Reputation: 4545
For simplicity, say that I am attempting to predict the following day of a sequence of single-valued variables, therefore my datasaet would be in the form of:
input label
x1 x2
x2 x3
x3 x4
... ...
xt xt+1
However, my data has the same sequences in time for many different users, therefore it is in the following form:
input label
u1x1 u1x2
u1x2 u1x3
u1x3 u1x4
... ...
u1xt u1xt+1
u2x1 u2x2
u2x2 u2x3
u2x3 u2x4
... ...
u2xt u2xt+1
... ...
unx1 unx2
unx2 unx3
unx3 unx4
... ...
unxt unxt+1
What is an acceptable way to structure this data and feed it into DAI such that it is not treated as one entire long sequence, but rather a bunch of not directly related sequences parallel in time?
Edit: The data has a 'UserID' column. Can DAI automatically use this to overcome the problem I am explaining?
Upvotes: 1
Views: 165
Reputation: 5778
To format your data for forecasting, you need to aggregate your data for each group of interest and for a specific time period (in your case one day).
So if your forecast horizon is one day, you need to aggregate by user, your single-valued variable, and by day so that you have a target (label) as a total amount per day.

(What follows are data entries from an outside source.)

(* Let $\mathbb{F}$ be a field of characteristic $p$, $\mathbb{E}$ an extension field, $f\in\mathbb{F}[x]$, and let $M\le\mathbb{E}^*$ be an automatically non-standard $f$-subgroup of size $m$. Let $L$ be a finite subgroup of $\mathbb{E}^*$ with $M\le L$, and let $k=|L|/|M|$. Then $L$ is an automatically non-standard $g$-subgroup for $g(x)=f(x^k)$.
   Context: $\phi_{p,m}$ is the $m$th cyclotomic polynomial reduced mod $p$ (if $p>0$); for $\gcd(m,p)=1$ its zeros are the primitive $m$th roots of unity. An $f$-sequence is a two-way infinite sequence with $f(\sigma)s=0$, $(\sigma s)_n=s_{n+1}$. Definition: for $m>1$ with $\gcd(m,p)=1$ if $p>0$, if $f\in\mathbb{F}[x]$ divides $(x^m-1)/((x-1)\phi_{p,m}(x))$ and an $f$-sequence $s$ of period $m$ (over an extension of $\mathbb{F}$) has $M=\{s_0,\ldots,s_{m-1}\}$ a subgroup of size $m$, then $M$ is an automatically non-standard $f$-subgroup. *)

theory Defs
  imports "HOL-Computational_Algebra.Computational_Algebra"
begin

function cyclo :: "nat \<Rightarrow> int poly" where
  "cyclo n = (if n = 0 then 1 else
      ([:-1:] + monom 1 n) div (\<Prod>d\<in>{d. d dvd n \<and> d < n}. cyclo d))"
  by auto
termination
  by (relation "measure id") auto

(* phi_{p,m}: the cyclotomic polynomial reduced into the field 'a
   (characteristic p = CHAR('a)), i.e. reduced mod p. *)
definition cyclo_red :: "nat \<Rightarrow> 'a::field poly" where
  "cyclo_red m = map_poly of_int (cyclo m)"

(* emb : 'f \<rightarrow> 'e is a field embedding, i.e. 'e is an extension field of 'f *)
definition field_embedding :: "('f::field \<Rightarrow> 'e::field) \<Rightarrow> bool" where
  "field_embedding emb \<longleftrightarrow> emb 0 = 0 \<and> emb 1 = 1 \<and>
     (\<forall>a b. emb (a + b) = emb a + emb b) \<and> (\<forall>a b. emb (a * b) = emb a * emb b)"

definition f_sequence :: "('f::field \<Rightarrow> 'e::field) \<Rightarrow> 'f poly \<Rightarrow> (int \<Rightarrow> 'e) \<Rightarrow> bool" where
  "f_sequence emb f s \<longleftrightarrow> (\<forall>n. (\<Sum>i\<le>degree f. emb (coeff f i) * s (n + int i)) = 0)"

definition mult_subgroup :: "'e::field set \<Rightarrow> bool" where
  "mult_subgroup M \<longleftrightarrow> M \<subseteq> - {0} \<and> 1 \<in> M \<and>
     (\<forall>a\<in>M. \<forall>b\<in>M. a * b \<in> M) \<and> (\<forall>a\<in>M. inverse a \<in> M)"

definition ans_subgroup :: "('f::field \<Rightarrow> 'e::field) \<Rightarrow> 'f poly \<Rightarrow> 'e set \<Rightarrow> bool" where
  "ans_subgroup emb f M \<longleftrightarrow>
     (let m = card M; p = CHAR('f) in
       finite M \<and> m > 1 \<and> (p > 0 \<longrightarrow> coprime m p) \<and>
       f dvd ((monom 1 m - 1) div ([:-1, 1:] * cyclo_red m)) \<and>
       mult_subgroup M \<and>
       (\<exists>s. f_sequence emb f s \<and> (\<forall>n. s (n + int m) = s n) \<and>
            s ` {0..<int m} = M))"

end

theory Submission
  imports Defs
begin

(* L is the disjoint union of k cosets c_0 M, ..., c_(k-1) M.  If s runs through M with period m
   and s is annihilated by f(sigma), then the interleaved sequence t_(kq+r) = c_r s_q runs through
   L with period mk, and g(sigma) = f(sigma^k) only couples indices in the same residue class
   mod k, on each of which t is a constant multiple of s.
   For the polynomial condition write Q_m = (x^m - 1)/((x - 1) Phi_m).  Over the complex numbers
   (x - 1) Phi_(mk) has the simple roots 1 and the primitive mk-th roots of unity z, and z^k is a
   primitive m-th root of unity; so (x - 1) Phi_(mk) divides (x^k - 1) Phi_m(x^k), and comparing
   with x^(mk) - 1 = (x^k - 1) Phi_m(x^k) Q_m(x^k) gives Q_m(x^k) | Q_(mk) over the integers,
   hence over every field.  Finally |L| is prime to p, since otherwise the Frobenius map would
   force all of L into the roots of x^(|L|/p) - 1. *)

declare cyclo.simps [simp del] mult_pCons_left [simp del]

section \<open>Integer polynomials in rings\<close>

abbreviation of_int_poly :: "int poly \<Rightarrow> 'a::comm_ring_1 poly" where
  "of_int_poly \<equiv> map_poly of_int"

lemma coeff_of_int_poly: "coeff (of_int_poly p :: 'a::comm_ring_1 poly) n = of_int (coeff p n)"
  by (simp add: coeff_map_poly)

lemma of_int_poly_add: "of_int_poly (p + q) = (of_int_poly p + of_int_poly q :: 'a::comm_ring_1 poly)"
  by (rule poly_eqI) (simp add: coeff_of_int_poly)

lemma of_int_poly_diff: "of_int_poly (p - q) = (of_int_poly p - of_int_poly q :: 'a::comm_ring_1 poly)"
  by (rule poly_eqI) (simp add: coeff_of_int_poly)

lemma of_int_poly_mult: "of_int_poly (p * q) = (of_int_poly p * of_int_poly q :: 'a::comm_ring_1 poly)"
  by (rule poly_eqI) (simp add: coeff_of_int_poly coeff_mult)

lemma of_int_poly_prod:
  "of_int_poly (prod f A) = (\<Prod>x\<in>A. of_int_poly (f x) :: 'a::comm_ring_1 poly)"
  by (induction A rule: infinite_finite_induct) (auto simp: of_int_poly_mult)

lemma of_int_poly_pCons: "of_int_poly (pCons c p) = (pCons (of_int c) (of_int_poly p) :: 'a::comm_ring_1 poly)"
  by (simp add: map_poly_pCons)

lemma of_int_poly_monom: "of_int_poly (monom c n) = (monom (of_int c) n :: 'a::comm_ring_1 poly)"
  by (simp add: map_poly_monom)

lemma of_int_poly_monom_minus_1: "of_int_poly (monom 1 n - 1) = (monom 1 n - 1 :: 'a::comm_ring_1 poly)"
  by (simp add: of_int_poly_diff of_int_poly_monom)

lemma of_int_poly_x_minus_1: "of_int_poly [:-1, 1:] = ([:-1, 1:] :: 'a::comm_ring_1 poly)"
  by (simp add: of_int_poly_pCons)

lemma of_int_poly_pcompose:
  "of_int_poly (p \<circ>\<^sub>p q) = (of_int_poly p \<circ>\<^sub>p of_int_poly q :: 'a::comm_ring_1 poly)"
  by (induction p) (simp_all add: pcompose_pCons of_int_poly_pCons of_int_poly_add of_int_poly_mult)

lemma of_int_poly_dvd_of_int_poly: "p dvd q \<Longrightarrow> (of_int_poly p :: 'a::comm_ring_1 poly) dvd of_int_poly q"
  by (auto elim!: dvdE simp: of_int_poly_mult)

lemma of_int_poly_eq_0_iff: "(of_int_poly p :: 'a::{idom,ring_char_0} poly) = 0 \<longleftrightarrow> p = 0"
  by (rule map_poly_eq_0_iff) auto

lemma degree_of_int_poly: "degree (of_int_poly p :: 'a::{idom,ring_char_0} poly) = degree p"
  by (rule degree_map_poly) auto

lemma of_int_poly_neq_0_if_monic:
  "lead_coeff p = 1 \<Longrightarrow> (of_int_poly p :: 'a::comm_ring_1 poly) \<noteq> 0"
proof -
  assume "lead_coeff p = 1"
  hence "lead_coeff (of_int_poly p :: 'a poly) = 1" by (subst lead_coeff_map_poly_nz) auto
  thus ?thesis by auto
qed

lemma div_of_int_poly_monic:
  assumes "lead_coeff b = 1" "a = b * c"
  shows "(of_int_poly a :: 'a::field poly) div of_int_poly b = of_int_poly c"
  using assms of_int_poly_neq_0_if_monic[OF assms(1), where 'a='a] by (simp add: of_int_poly_mult)

text \<open>Division by a monic integer polynomial leaves an integer remainder, which must vanish
  if the division is exact in a larger domain.\<close>

lemma monic_dvd_of_int_poly_dvd:
  fixes a b :: "int poly"
  assumes monic: "lead_coeff b = 1"
    and dvd: "(of_int_poly b :: 'a::{idom,ring_char_0} poly) dvd of_int_poly a"
  shows "b dvd a"
proof (rule ccontr)
  assume not_dvd: "\<not> b dvd a"
  have "b \<noteq> 0" using monic by auto
  obtain q r where qr: "pseudo_divmod a b = (q, r)" by (cases "pseudo_divmod a b") auto
  have "a = b * q + r" using pseudo_divmod(1)[OF \<open>b \<noteq> 0\<close> qr] monic by simp
  moreover have "r = 0 \<or> degree r < degree b" by (rule pseudo_divmod(2)[OF \<open>b \<noteq> 0\<close> qr])
  ultimately have r: "r \<noteq> 0" "degree r < degree b" using not_dvd by auto
  from dvd obtain Q where Q: "(of_int_poly a :: 'a poly) = of_int_poly b * Q" by (auto elim: dvdE)
  have "(of_int_poly a :: 'a poly) = of_int_poly b * of_int_poly q + of_int_poly r"
    by (simp add: \<open>a = b * q + r\<close> of_int_poly_add of_int_poly_mult)
  hence rQ: "(of_int_poly r :: 'a poly) = of_int_poly b * (Q - of_int_poly q)"
    unfolding Q by (simp add: right_diff_distrib)
  moreover have "(of_int_poly r :: 'a poly) \<noteq> 0" using r(1) by (simp add: of_int_poly_eq_0_iff)
  ultimately have "Q - of_int_poly q \<noteq> 0" by auto
  hence "degree (of_int_poly r :: 'a poly) =
      degree (of_int_poly b :: 'a poly) + degree (Q - of_int_poly q)"
    unfolding rQ using of_int_poly_neq_0_if_monic[OF monic] by (intro degree_mult_eq) auto
  thus False using r by (simp add: degree_of_int_poly)
qed

section \<open>Polynomials with prescribed simple roots\<close>

definition vanishing_poly :: "'a::comm_ring_1 set \<Rightarrow> 'a poly" where
  "vanishing_poly S = (\<Prod>z\<in>S. [:-z, 1:])"

lemma lead_coeff_vanishing_poly [simp]: "lead_coeff (vanishing_poly (S :: 'a::idom set)) = 1"
  by (simp add: vanishing_poly_def lead_coeff_prod)

lemma vanishing_poly_neq_0 [simp]: "vanishing_poly (S :: 'a::idom set) \<noteq> 0"
  using lead_coeff_vanishing_poly[of S] by (metis leading_coeff_0_iff zero_neq_one)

You can find documentation on how to setup your data for driverless here and here.
EDIT in response to comment:
Here is another example to explain the expected data format using the assumption that each user should be aggregated at the day level:
If you have one day’s worth of data for 5 users your dataset should only have 5 rows, but if you have 10 days worth of data for 5 users you should have 50 rows of data.
Then in Driverless AI when you set up your experiment you would set your Time Group to the User column
Upvotes: 1